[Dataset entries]
▬▬▬▬▬▬

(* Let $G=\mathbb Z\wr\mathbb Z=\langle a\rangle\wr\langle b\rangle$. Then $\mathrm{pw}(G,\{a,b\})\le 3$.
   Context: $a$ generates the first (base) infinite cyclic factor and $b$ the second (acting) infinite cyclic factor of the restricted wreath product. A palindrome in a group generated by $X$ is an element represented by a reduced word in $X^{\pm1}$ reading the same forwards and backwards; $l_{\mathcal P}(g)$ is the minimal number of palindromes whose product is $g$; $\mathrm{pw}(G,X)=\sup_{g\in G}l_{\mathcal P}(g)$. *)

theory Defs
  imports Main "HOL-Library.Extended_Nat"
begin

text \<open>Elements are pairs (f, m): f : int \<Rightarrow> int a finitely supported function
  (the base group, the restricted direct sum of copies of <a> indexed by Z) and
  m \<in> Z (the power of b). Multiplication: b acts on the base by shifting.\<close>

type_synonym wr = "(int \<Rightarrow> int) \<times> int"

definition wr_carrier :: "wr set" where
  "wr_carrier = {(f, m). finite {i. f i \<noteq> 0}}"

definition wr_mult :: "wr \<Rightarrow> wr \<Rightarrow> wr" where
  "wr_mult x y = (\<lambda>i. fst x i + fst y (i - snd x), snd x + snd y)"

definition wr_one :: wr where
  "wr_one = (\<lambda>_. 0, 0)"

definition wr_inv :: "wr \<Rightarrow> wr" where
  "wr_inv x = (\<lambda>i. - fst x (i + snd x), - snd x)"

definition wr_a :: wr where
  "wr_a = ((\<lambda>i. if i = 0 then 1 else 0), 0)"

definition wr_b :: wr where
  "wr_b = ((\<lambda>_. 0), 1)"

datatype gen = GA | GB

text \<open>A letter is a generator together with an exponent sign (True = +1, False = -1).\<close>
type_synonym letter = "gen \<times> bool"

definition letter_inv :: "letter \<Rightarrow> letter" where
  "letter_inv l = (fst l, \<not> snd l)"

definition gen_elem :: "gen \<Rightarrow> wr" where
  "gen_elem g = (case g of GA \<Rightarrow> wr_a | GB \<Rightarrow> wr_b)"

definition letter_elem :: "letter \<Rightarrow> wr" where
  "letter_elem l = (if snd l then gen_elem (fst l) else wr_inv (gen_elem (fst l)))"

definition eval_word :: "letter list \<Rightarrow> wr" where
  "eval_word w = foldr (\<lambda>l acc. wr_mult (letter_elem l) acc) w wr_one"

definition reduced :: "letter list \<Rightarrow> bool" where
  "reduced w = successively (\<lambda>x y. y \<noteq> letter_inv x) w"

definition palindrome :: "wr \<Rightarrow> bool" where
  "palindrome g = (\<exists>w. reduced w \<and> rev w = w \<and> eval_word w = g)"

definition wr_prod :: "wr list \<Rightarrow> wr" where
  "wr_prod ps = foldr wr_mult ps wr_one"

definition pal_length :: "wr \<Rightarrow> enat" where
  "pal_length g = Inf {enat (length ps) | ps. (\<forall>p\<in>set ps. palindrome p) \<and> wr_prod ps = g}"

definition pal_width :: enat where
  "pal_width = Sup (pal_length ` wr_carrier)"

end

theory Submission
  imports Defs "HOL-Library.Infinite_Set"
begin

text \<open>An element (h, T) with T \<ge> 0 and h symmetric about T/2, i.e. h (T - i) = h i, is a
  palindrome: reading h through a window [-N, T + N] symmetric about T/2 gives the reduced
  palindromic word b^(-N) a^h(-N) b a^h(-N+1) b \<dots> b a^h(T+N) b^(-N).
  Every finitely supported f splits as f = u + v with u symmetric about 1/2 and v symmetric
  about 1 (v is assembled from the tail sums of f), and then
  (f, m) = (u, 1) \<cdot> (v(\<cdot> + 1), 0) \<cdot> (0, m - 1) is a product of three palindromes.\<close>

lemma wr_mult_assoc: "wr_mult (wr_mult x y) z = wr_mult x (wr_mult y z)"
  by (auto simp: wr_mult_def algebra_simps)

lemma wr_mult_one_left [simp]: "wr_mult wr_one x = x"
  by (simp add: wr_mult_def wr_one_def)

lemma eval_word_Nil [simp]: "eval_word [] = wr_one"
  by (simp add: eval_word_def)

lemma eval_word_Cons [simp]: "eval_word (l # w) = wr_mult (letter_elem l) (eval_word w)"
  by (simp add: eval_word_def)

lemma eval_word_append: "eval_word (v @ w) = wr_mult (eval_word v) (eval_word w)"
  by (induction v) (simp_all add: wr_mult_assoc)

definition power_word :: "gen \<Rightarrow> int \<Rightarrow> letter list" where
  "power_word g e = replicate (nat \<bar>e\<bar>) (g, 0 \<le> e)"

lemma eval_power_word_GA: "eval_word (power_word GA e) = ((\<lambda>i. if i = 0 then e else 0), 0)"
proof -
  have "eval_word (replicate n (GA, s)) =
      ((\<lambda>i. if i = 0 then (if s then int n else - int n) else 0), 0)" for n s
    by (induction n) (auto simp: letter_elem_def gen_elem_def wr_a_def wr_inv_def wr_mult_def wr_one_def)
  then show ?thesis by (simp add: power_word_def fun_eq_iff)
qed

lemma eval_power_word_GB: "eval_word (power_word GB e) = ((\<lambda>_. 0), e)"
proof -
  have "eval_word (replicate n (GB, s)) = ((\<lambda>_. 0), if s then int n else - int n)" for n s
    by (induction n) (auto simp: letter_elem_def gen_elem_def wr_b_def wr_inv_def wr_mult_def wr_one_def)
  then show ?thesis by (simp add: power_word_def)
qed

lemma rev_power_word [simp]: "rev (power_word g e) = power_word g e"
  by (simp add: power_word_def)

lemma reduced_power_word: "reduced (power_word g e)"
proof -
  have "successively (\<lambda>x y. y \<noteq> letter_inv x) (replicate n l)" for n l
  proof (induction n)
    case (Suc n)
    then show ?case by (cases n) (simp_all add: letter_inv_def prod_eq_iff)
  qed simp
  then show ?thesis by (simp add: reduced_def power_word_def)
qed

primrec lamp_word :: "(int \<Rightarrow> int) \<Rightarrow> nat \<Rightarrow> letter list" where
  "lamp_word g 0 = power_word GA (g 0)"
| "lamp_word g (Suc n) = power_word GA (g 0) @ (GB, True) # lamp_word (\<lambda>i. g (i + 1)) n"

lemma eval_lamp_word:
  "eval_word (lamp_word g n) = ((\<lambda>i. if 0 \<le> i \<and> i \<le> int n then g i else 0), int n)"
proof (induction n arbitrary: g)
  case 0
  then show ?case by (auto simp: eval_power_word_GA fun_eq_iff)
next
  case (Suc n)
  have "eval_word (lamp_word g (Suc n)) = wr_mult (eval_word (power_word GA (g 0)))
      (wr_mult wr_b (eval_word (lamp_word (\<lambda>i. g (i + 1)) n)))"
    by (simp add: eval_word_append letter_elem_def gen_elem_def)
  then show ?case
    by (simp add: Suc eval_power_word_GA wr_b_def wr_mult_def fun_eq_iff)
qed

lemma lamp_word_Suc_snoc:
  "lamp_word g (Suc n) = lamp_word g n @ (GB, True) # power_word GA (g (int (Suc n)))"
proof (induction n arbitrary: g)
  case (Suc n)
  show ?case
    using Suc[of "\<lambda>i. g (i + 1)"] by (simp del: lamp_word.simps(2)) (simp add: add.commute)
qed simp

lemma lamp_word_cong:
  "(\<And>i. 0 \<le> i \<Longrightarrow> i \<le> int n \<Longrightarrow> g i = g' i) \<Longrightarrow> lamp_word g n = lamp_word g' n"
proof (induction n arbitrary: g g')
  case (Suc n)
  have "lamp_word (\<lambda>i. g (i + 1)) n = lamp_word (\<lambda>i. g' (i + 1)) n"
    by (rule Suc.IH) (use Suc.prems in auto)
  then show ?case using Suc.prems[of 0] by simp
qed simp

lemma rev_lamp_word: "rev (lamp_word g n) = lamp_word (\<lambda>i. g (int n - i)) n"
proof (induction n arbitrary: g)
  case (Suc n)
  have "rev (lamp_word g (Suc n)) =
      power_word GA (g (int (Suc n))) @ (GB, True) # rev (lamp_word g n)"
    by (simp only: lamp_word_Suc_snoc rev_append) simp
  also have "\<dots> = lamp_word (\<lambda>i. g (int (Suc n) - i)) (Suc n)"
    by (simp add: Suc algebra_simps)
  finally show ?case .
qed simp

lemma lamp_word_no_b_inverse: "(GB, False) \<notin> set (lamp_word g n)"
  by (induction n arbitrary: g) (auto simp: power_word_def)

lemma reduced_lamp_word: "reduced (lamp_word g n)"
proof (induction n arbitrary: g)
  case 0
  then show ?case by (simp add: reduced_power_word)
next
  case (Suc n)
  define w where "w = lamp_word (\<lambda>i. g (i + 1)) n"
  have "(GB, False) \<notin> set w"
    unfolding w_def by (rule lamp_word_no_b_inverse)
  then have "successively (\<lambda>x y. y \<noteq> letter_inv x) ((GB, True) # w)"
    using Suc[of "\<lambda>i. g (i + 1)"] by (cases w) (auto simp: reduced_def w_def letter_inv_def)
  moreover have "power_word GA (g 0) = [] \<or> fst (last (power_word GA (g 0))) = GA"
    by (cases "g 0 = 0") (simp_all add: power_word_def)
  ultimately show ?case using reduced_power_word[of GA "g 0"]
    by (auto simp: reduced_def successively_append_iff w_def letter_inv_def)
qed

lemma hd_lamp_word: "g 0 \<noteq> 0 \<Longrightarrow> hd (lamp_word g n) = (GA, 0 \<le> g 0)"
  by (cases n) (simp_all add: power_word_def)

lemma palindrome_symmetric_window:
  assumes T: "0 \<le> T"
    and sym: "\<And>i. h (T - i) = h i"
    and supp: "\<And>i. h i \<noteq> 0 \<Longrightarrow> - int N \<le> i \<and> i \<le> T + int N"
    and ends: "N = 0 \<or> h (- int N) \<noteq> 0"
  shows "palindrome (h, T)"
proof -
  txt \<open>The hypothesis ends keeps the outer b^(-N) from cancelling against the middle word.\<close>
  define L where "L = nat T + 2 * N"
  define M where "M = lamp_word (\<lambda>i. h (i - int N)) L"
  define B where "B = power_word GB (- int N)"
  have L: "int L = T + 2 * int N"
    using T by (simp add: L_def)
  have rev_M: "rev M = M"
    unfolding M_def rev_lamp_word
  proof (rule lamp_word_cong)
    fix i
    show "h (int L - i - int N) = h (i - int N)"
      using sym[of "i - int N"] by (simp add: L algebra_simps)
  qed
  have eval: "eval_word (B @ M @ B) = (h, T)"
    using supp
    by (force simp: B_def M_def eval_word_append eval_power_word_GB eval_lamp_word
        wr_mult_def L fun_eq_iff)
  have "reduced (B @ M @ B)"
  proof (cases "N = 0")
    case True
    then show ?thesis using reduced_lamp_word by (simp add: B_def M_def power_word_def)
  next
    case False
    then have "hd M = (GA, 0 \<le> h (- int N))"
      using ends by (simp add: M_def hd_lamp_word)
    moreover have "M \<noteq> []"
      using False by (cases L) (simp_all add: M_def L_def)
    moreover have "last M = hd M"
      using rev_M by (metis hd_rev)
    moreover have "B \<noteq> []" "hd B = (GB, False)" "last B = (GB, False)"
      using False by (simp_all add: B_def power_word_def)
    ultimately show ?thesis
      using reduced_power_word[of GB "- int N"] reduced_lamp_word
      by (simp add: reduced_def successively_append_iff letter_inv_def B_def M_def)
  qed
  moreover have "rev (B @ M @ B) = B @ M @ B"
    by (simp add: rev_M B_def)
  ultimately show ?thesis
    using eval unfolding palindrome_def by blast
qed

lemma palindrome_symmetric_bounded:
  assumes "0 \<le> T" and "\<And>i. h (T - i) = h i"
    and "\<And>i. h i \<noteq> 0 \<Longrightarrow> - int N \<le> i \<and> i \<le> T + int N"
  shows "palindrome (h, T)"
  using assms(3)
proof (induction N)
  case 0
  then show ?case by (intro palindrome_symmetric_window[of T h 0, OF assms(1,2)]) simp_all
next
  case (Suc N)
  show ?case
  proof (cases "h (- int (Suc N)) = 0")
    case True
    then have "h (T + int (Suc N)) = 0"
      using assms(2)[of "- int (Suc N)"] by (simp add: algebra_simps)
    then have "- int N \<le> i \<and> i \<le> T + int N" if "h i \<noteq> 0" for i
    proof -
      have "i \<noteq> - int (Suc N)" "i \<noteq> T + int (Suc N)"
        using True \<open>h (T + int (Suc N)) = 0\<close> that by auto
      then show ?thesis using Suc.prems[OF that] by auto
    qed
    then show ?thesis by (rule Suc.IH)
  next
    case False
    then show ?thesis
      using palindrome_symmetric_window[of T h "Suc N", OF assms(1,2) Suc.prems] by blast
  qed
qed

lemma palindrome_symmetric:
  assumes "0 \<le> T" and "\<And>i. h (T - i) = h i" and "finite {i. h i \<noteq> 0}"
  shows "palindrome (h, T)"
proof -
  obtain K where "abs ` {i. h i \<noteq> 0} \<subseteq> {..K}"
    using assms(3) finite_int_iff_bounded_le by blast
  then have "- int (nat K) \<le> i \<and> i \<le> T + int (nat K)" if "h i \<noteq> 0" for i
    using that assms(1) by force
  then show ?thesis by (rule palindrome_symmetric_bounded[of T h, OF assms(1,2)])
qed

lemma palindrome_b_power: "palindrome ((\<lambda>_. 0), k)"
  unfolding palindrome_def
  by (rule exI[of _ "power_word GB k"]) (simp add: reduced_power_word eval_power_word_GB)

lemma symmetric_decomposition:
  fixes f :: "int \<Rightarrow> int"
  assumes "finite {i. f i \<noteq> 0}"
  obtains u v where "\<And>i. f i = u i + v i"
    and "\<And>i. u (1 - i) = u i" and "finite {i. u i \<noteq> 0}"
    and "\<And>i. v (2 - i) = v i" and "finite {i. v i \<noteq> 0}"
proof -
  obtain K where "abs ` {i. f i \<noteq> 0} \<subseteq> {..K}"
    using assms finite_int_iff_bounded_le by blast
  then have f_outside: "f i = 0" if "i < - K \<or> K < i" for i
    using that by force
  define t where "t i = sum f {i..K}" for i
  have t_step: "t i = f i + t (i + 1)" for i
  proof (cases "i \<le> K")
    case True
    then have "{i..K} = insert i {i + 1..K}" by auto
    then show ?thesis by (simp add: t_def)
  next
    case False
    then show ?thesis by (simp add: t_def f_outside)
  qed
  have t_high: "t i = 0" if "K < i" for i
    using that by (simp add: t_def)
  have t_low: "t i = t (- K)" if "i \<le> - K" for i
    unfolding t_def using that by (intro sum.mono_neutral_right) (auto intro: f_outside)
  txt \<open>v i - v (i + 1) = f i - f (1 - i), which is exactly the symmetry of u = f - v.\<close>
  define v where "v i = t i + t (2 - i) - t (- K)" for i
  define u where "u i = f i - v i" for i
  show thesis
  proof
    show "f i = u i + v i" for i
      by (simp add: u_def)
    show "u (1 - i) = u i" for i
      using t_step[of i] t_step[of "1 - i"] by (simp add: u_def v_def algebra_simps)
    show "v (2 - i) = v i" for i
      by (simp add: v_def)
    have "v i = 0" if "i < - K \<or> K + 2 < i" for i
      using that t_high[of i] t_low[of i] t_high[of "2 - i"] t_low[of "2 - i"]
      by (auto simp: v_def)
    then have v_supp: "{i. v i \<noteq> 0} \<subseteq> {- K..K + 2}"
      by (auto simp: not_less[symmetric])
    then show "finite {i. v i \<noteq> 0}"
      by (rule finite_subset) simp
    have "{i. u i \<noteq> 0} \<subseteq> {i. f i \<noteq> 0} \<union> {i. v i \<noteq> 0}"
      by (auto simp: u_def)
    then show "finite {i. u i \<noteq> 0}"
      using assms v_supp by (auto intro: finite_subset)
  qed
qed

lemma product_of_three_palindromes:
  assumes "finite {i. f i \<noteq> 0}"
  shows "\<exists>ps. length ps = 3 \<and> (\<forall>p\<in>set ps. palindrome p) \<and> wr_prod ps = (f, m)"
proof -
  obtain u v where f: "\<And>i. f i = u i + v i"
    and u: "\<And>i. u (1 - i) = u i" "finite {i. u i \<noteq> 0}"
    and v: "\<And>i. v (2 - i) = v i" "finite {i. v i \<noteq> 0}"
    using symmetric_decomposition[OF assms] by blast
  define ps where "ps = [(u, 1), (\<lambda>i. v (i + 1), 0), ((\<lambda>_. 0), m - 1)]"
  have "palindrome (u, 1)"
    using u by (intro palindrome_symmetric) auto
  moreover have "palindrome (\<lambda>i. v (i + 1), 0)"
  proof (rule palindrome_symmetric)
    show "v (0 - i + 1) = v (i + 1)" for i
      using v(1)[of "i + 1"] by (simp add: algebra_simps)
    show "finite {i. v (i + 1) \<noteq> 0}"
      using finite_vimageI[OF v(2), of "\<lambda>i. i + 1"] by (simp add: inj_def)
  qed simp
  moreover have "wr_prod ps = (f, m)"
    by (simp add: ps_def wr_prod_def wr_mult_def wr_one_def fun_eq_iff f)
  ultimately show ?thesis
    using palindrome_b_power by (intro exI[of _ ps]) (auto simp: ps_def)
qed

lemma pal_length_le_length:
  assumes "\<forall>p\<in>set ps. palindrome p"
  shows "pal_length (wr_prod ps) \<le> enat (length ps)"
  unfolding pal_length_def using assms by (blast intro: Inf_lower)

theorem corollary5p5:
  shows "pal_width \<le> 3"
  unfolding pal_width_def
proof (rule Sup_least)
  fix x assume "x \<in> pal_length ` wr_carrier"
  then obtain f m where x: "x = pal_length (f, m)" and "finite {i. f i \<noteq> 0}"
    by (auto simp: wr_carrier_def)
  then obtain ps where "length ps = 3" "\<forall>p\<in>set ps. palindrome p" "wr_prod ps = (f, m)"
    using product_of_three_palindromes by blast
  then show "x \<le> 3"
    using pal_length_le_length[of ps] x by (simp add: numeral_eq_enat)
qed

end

▬▬▬▬▬▬

▸ Task directions: Whenever a line of the data contains "reading", it counts; state how many such lines there are, with nothing added.

▸ Response below: 2